Task:
From the data below, set down exactly the lines between the one holding "by (intro dual.module_hom_sum" and the one holding "obtain E where", inclusive, and no others.

Stored data:
(* Let $G$ be a profinite group and $k$ an algebraically closed field (with the discrete topology). Let $V$ and $W$ be irreducible smooth representations of $G$ over $k$ and $\chi$ a one-dimensional smooth character of $G$ over $k$. Then $\chi^{\oplus2}$ is not a subrepresentation of $V\otimes W$. *)

theory Defs
  imports "HOL-Analysis.Analysis" "HOL-Algebra.Group" "HOL-Computational_Algebra.Polynomial"
begin

definition alg_closed :: "'k::field itself \<Rightarrow> bool" where
  "alg_closed _ \<longleftrightarrow> (\<forall>p :: 'k poly. degree p > 0 \<longrightarrow> (\<exists>x. poly p x = 0))"

definition topological_group_on :: "('g, 'b) monoid_scheme \<Rightarrow> 'g topology \<Rightarrow> bool" where
  "topological_group_on G T \<longleftrightarrow> group G \<and> topspace T = carrier G \<and>
     continuous_map (prod_topology T T) T (\<lambda>(x, y). x \<otimes>\<^bsub>G\<^esub> y) \<and>
     continuous_map T T (\<lambda>x. inv\<^bsub>G\<^esub> x)"

definition profinite_group :: "('g, 'b) monoid_scheme \<Rightarrow> 'g topology \<Rightarrow> bool" where
  "profinite_group G T \<longleftrightarrow> topological_group_on G T \<and> compact_space T \<and> Hausdorff_space T \<and>
     (\<forall>x\<in>topspace T. connected_component_of_set T x = {x})"

definition representation ::
  "('g, 'b) monoid_scheme \<Rightarrow> ('k::field \<Rightarrow> 'v::ab_group_add \<Rightarrow> 'v) \<Rightarrow> ('g \<Rightarrow> 'v \<Rightarrow> 'v) \<Rightarrow> bool" where
  "representation G sV \<rho> \<longleftrightarrow> vector_space sV \<and>
     (\<forall>g\<in>carrier G. Vector_Spaces.linear sV sV (\<rho> g)) \<and>
     \<rho> \<one>\<^bsub>G\<^esub> = id \<and>
     (\<forall>g\<in>carrier G. \<forall>h\<in>carrier G. \<rho> (g \<otimes>\<^bsub>G\<^esub> h) = \<rho> g \<circ> \<rho> h)"

definition smooth_rep ::
  "('g, 'b) monoid_scheme \<Rightarrow> 'g topology \<Rightarrow> ('k::field \<Rightarrow> 'v::ab_group_add \<Rightarrow> 'v) \<Rightarrow> ('g \<Rightarrow> 'v \<Rightarrow> 'v) \<Rightarrow> bool" where
  "smooth_rep G T sV \<rho> \<longleftrightarrow> representation G sV \<rho> \<and>
     (\<forall>v. openin T {g \<in> carrier G. \<rho> g v = v})"

definition irreducible_rep ::
  "('g, 'b) monoid_scheme \<Rightarrow> ('k::field \<Rightarrow> 'v::ab_group_add \<Rightarrow> 'v) \<Rightarrow> ('g \<Rightarrow> 'v \<Rightarrow> 'v) \<Rightarrow> bool" where
  "irreducible_rep G sV \<rho> \<longleftrightarrow> representation G sV \<rho> \<and> (\<exists>v::'v. v \<noteq> 0) \<and>
     (\<forall>S. module.subspace sV S \<and> (\<forall>g\<in>carrier G. \<forall>v\<in>S. \<rho> g v \<in> S) \<longrightarrow> S = {0} \<or> S = UNIV)"

(* Tensor product V \<otimes>_k W = (free k-vector space on V \<times> W) / (bilinearity relations).
   Elements of the free space: finitely supported functions V \<times> W \<Rightarrow> k. *)
definition tensor_free :: "('v \<times> 'w \<Rightarrow> 'k::field) \<Rightarrow> bool" where
  "tensor_free f \<longleftrightarrow> finite {x. f x \<noteq> 0}"

definition tdelta :: "'v \<times> 'w \<Rightarrow> 'v \<times> 'w \<Rightarrow> 'k::field" where
  "tdelta p = (\<lambda>x. if x = p then 1 else 0)"

inductive_set tensor_rel ::
  "('k::field \<Rightarrow> 'v::ab_group_add \<Rightarrow> 'v) \<Rightarrow> ('k \<Rightarrow> 'w::ab_group_add \<Rightarrow> 'w) \<Rightarrow> ('v \<times> 'w \<Rightarrow> 'k) set"
  for sV sW where
  zero: "(\<lambda>_. 0) \<in> tensor_rel sV sW"
| addl: "(\<lambda>x. tdelta (v + v', w) x - tdelta (v, w) x - tdelta (v', w) x) \<in> tensor_rel sV sW"
| addr: "(\<lambda>x. tdelta (v, w + w') x - tdelta (v, w) x - tdelta (v, w') x) \<in> tensor_rel sV sW"
| scl: "(\<lambda>x. tdelta (sV c v, w) x - c * tdelta (v, w) x) \<in> tensor_rel sV sW"
| scr: "(\<lambda>x. tdelta (v, sW c w) x - c * tdelta (v, w) x) \<in> tensor_rel sV sW"
| add: "f \<in> tensor_rel sV sW \<Longrightarrow> g \<in> tensor_rel sV sW \<Longrightarrow> (\<lambda>x. f x + g x) \<in> tensor_rel sV sW"
| smult: "f \<in> tensor_rel sV sW \<Longrightarrow> (\<lambda>x. c * f x) \<in> tensor_rel sV sW"

(* diagonal action on the free space: g \<cdot> \<delta>(v,w) = \<delta>(\<rho> g v, \<sigma> g w) *)
definition tensor_act ::
  "('g, 'b) monoid_scheme \<Rightarrow> ('g \<Rightarrow> 'v \<Rightarrow> 'v) \<Rightarrow> ('g \<Rightarrow> 'w \<Rightarrow> 'w) \<Rightarrow> 'g \<Rightarrow> ('v \<times> 'w \<Rightarrow> 'k) \<Rightarrow> ('v \<times> 'w \<Rightarrow> 'k)" where
  "tensor_act G \<rho> \<sigma> g f = (\<lambda>(x, y). f (\<rho> (inv\<^bsub>G\<^esub> g) x, \<sigma> (inv\<^bsub>G\<^esub> g) y))"

(* chi\<oplus>chi is a subrepresentation of V \<otimes> W: there is an injective G-equivariant k-linear map
   k^2 (with action chi\<oplus>chi) \<rightarrow> V \<otimes> W; it is given by the images [t1], [t2] of the two
   standard basis vectors, (a,b) \<mapsto> a[t1] + b[t2]. *)
definition double_char_in_tensor ::
  "('g, 'b) monoid_scheme \<Rightarrow> ('k::field \<Rightarrow> 'v::ab_group_add \<Rightarrow> 'v) \<Rightarrow> ('g \<Rightarrow> 'v \<Rightarrow> 'v)
     \<Rightarrow> ('k \<Rightarrow> 'w::ab_group_add \<Rightarrow> 'w) \<Rightarrow> ('g \<Rightarrow> 'w \<Rightarrow> 'w) \<Rightarrow> ('g \<Rightarrow> 'k) \<Rightarrow> bool" where
  "double_char_in_tensor G sV \<rho> sW \<sigma> chi \<longleftrightarrow>
     (\<exists>t1 t2 :: 'v \<times> 'w \<Rightarrow> 'k. tensor_free t1 \<and> tensor_free t2 \<and>
        (\<forall>g\<in>carrier G. (\<lambda>x. tensor_act G \<rho> \<sigma> g t1 x - chi g * t1 x) \<in> tensor_rel sV sW) \<and>
        (\<forall>g\<in>carrier G. (\<lambda>x. tensor_act G \<rho> \<sigma> g t2 x - chi g * t2 x) \<in> tensor_rel sV sW) \<and>
        (\<forall>a b. (\<lambda>x. a * t1 x + b * t2 x) \<in> tensor_rel sV sW \<longrightarrow> a = 0 \<and> b = 0))"

end

theory Submission
  imports Defs "Jordan_Normal_Form.Char_Poly"
begin

text \<open>
  A tensor \<open>t \<in> V \<otimes> W\<close> determines by contraction a linear map from the dual of \<open>V\<close> to \<open>W\<close>,
  and \<open>t = 0\<close> exactly when this map vanishes. If \<open>G\<close> acts on \<open>t\<close> through \<open>\<chi>\<close>, the map is
  equivariant up to \<open>\<chi>\<close>: the common zero set of its kernel is a \<open>G\<close>-invariant subspace of \<open>V\<close>
  and its image is a \<open>G\<close>-invariant subspace of \<open>W\<close>. By irreducibility, for \<open>t \<noteq> 0\<close> no nonzero
  functional lies in the kernel and the image is all of \<open>W\<close>.

  Given two such tensors \<open>t\<^sub>1 \<noteq> 0\<close> and \<open>t\<^sub>2\<close>, surjectivity for \<open>t\<^sub>1\<close> expresses the
  coordinates of \<open>t\<^sub>2\<close> (with respect to a finite basis of the first factors occurring in
  \<open>t\<^sub>1\<close>, \<open>t\<^sub>2\<close>) as a square matrix applied to those of \<open>t\<^sub>1\<close>. Over the algebraically closed
  field this matrix has an eigenvector, which yields a nonzero functional killed by contraction
  with \<open>t\<^sub>2 - c t\<^sub>1\<close>; hence \<open>t\<^sub>2 = c t\<^sub>1\<close> in \<open>V \<otimes> W\<close>.
\<close>

section \<open>Linear algebra\<close>

lemma linear_map_0: "Vector_Spaces.linear s1 s2 f \<Longrightarrow> f 0 = 0"
  unfolding linear_iff_module_hom by (rule module_hom.zero)

lemma linear_map_add: "Vector_Spaces.linear s1 s2 f \<Longrightarrow> f (x + y) = f x + f y"
  unfolding Vector_Spaces.linear_iff by blast

lemma linear_map_scale: "Vector_Spaces.linear s1 s2 f \<Longrightarrow> f (s1 c x) = s2 c (f x)"
  unfolding Vector_Spaces.linear_iff by blast

lemma linear_map_sum: "Vector_Spaces.linear s1 s2 f \<Longrightarrow> f (\<Sum>i\<in>I. x i) = (\<Sum>i\<in>I. f (x i))"
  unfolding linear_iff_module_hom by (rule module_hom.sum)

lemma alg_closed_left_eigenvector:
  fixes M :: "'a \<Rightarrow> 'a \<Rightarrow> 'k::field"
  assumes "alg_closed TYPE('k)" and "finite E" and "E \<noteq> {}"
  obtains a c where "\<exists>e\<in>E. a e \<noteq> 0" and "\<And>e. e \<in> E \<Longrightarrow> (\<Sum>e'\<in>E. a e' * M e' e) = c * a e"
proof -
  define n where "n = card E"
  obtain f where f: "bij_betw f {0..<n} E"
    using ex_bij_betw_nat_finite[OF \<open>finite E\<close>] unfolding n_def by blast
  have "n > 0" using assms(2,3) by (simp add: n_def card_gt_0_iff)
  \<comment> \<open>the transpose of \<open>M\<close>, so that its eigenvectors are left eigenvectors of \<open>M\<close>\<close>
  define A :: "'k mat" where "A = mat n n (\<lambda>(i, j). M (f j) (f i))"
  have A: "A \<in> carrier_mat n n" by (simp add: A_def)
  have "degree (char_poly A) = n" using degree_monic_char_poly[OF A] by simp
  then obtain c where "poly (char_poly A) c = 0"
    using assms(1) \<open>n > 0\<close> unfolding alg_closed_def by auto
  then have "eigenvalue A c" using eigenvalue_root_char_poly[OF A] by simp
  then obtain v where "eigenvector A v c" unfolding eigenvalue_def by blast
  then have v: "v \<in> carrier_vec n" "v \<noteq> 0\<^sub>v n" "A *\<^sub>v v = c \<cdot>\<^sub>v v"
    using A unfolding eigenvector_def by auto
  define a where "a e = v $ the_inv_into {0..<n} f e" for e
  have a_f: "a (f i) = v $ i" if "i < n" for i
    using the_inv_into_f_f[OF bij_betw_imp_inj_on[OF f]] that by (simp add: a_def)
  have "\<exists>e\<in>E. a e \<noteq> 0"
  proof (rule ccontr)
    assume "\<not> ?thesis"
    then have "\<forall>i<n. v $ i = 0" using a_f f bij_betwE by fastforce
    then have "v = 0\<^sub>v n" using v(1) by (intro eq_vecI) auto
    then show False using v(2) by simp
  qed
  moreover have "(\<Sum>e'\<in>E. a e' * M e' e) = c * a e" if "e \<in> E" for e
  proof -
    obtain i where i: "i < n" "e = f i" using f \<open>e \<in> E\<close> by (auto simp: bij_betw_def)
    have "(\<Sum>e'\<in>E. a e' * M e' e) = (\<Sum>j\<in>{0..<n}. v $ j * M (f j) (f i))"
      using sum.reindex_bij_betw[OF f, of "\<lambda>e'. a e' * M e' e"] by (simp add: a_f i)
    also have "\<dots> = (A *\<^sub>v v) $ i"
      using i v(1) by (auto simp: A_def scalar_prod_def mult.commute intro: sum.cong)
    also have "\<dots> = c * a e" using v i a_f by simp
    finally show ?thesis .
  qed
  ultimately show thesis using that by blast
qed

definition coordinate_functionals ::
    "('a::field \<Rightarrow> 'b::ab_group_add \<Rightarrow> 'b) \<Rightarrow> 'b set \<Rightarrow> ('b \<Rightarrow> 'b \<Rightarrow> 'a) \<Rightarrow> bool" where
  "coordinate_functionals s E \<delta> \<longleftrightarrow>
     (\<forall>e\<in>E. Vector_Spaces.linear s (*) (\<delta> e)) \<and>
     (\<forall>e\<in>E. \<forall>e'\<in>E. \<delta> e e' = (if e = e' then 1 else 0))"

context vector_space
begin

lemma linear_functional_extend:
  assumes "independent B"
  shows "\<exists>l. Vector_Spaces.linear scale (*) l \<and> (\<forall>x\<in>B. l x = f x)"
proof -
  interpret dual: vector_space_pair scale "(*) :: 'a \<Rightarrow> 'a \<Rightarrow> 'a"
    by (intro vector_space_pair.intro vector_space_axioms vector_space_over_itself.vector_space_axioms)
  show ?thesis by (rule dual.linear_independent_extend[OF assms])
qed

lemma linear_functional_lincomb:
  assumes "\<And>i. i \<in> I \<Longrightarrow> Vector_Spaces.linear scale (*) (l i)"
  shows "Vector_Spaces.linear scale (*) (\<lambda>x. \<Sum>i\<in>I. c i * l i x)"
proof -
  interpret dual: vector_space_pair scale "(*) :: 'a \<Rightarrow> 'a \<Rightarrow> 'a"
    by (intro vector_space_pair.intro vector_space_axioms vector_space_over_itself.vector_space_axioms)
  show ?thesis
    using assms vector_space_axioms vector_space_over_itself.vector_space_axioms
    by (intro dual.module_hom_sum dual.module_hom_scale) (auto simp: module_iff_vector_space)
qed

lemma coordinate_functionals_exist:
  assumes "finite X"
  obtains E \<delta> where "finite E" and "X \<subseteq> span E" and "coordinate_functionals scale E \<delta>"
proof -
  obtain E where E: "E \<subseteq> X" "independent E" "X \<subseteq> span E"
    by (rule maximal_independent_subset)
  have "\<exists>l. Vector_Spaces.linear scale (*) l \<and> (\<forall>e'\<in>E. l e' = (if e = e' then 1 else 0))" for e
    by (rule linear_functional_extend[OF E(2)])
  then obtain \<delta> where "\<forall>e. Vector_Spaces.linear scale (*) (\<delta> e) \<and>
      (\<forall>e'\<in>E. \<delta> e e' = (if e = e' then 1 else 0))"
    by metis
  then have "coordinate_functionals scale E \<delta>" by (simp add: coordinate_functionals_def)
  moreover have "finite E" using E(1) assms finite_subset by blast
  ultimately show thesis using that E(3) by blast
qed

Task output:
    by (intro dual.module_hom_sum dual.module_hom_scale) (auto simp: module_iff_vector_space)
qed

lemma coordinate_functionals_exist:
  assumes "finite X"
  obtains E \<delta> where "finite E" and "X \<subseteq> span E" and "coordinate_functionals scale E \<delta>"
proof -
  obtain E where E: "E \<subseteq> X" "independent E" "X \<subseteq> span E"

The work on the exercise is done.